Would you filter the listing below so that only lines with the word "finally" remain?
---------- Input data
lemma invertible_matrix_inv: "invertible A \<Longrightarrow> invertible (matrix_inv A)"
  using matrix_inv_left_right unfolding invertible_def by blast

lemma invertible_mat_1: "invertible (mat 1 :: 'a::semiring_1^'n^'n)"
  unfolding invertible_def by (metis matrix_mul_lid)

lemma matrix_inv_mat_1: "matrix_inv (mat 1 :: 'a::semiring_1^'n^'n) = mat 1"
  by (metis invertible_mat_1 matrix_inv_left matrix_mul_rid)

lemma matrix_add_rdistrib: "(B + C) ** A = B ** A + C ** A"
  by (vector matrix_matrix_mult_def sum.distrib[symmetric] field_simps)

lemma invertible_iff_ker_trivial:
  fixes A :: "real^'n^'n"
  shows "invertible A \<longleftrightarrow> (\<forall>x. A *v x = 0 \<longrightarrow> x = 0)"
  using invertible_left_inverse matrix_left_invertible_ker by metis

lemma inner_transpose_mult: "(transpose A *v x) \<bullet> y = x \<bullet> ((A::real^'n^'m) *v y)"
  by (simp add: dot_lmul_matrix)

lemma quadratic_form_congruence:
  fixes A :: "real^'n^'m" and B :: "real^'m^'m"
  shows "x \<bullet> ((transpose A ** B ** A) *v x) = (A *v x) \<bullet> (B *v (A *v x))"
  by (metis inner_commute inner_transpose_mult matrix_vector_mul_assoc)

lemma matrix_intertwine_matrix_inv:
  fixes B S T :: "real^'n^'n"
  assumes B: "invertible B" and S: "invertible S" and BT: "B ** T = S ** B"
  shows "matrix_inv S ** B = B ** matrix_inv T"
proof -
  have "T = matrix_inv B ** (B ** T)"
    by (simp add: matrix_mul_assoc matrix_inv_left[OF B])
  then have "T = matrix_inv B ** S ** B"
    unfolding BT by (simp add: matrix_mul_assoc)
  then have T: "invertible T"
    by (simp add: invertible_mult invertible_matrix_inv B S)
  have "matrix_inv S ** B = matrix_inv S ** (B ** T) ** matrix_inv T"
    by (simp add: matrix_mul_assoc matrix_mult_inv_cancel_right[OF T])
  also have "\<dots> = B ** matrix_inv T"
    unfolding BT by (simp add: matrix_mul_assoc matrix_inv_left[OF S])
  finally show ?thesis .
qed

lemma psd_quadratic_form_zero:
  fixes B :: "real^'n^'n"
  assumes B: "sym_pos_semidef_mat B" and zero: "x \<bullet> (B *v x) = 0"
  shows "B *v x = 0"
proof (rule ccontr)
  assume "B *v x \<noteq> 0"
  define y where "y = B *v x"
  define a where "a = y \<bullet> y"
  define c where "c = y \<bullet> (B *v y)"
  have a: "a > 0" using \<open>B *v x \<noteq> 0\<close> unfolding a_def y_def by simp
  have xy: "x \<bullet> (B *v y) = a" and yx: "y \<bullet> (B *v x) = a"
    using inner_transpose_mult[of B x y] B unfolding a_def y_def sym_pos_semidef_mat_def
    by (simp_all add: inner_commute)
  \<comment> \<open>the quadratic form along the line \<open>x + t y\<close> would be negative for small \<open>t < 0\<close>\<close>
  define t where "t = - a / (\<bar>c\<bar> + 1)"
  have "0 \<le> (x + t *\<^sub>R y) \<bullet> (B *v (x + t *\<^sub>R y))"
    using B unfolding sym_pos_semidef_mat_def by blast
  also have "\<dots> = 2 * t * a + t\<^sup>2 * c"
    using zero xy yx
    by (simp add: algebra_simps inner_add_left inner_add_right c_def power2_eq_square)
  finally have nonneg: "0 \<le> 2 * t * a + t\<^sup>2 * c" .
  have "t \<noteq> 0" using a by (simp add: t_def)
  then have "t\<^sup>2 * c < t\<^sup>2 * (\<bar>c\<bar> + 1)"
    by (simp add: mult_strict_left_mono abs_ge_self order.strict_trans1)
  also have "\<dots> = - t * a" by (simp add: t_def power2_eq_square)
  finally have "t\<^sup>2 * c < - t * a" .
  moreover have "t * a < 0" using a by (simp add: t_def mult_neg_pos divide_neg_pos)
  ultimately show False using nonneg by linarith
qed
--------------------
Expected answer
  finally show ?thesis .
  finally have nonneg: "0 \<le> 2 * t * a + t\<^sup>2 * c" .
  finally have "t\<^sup>2 * c < - t * a" .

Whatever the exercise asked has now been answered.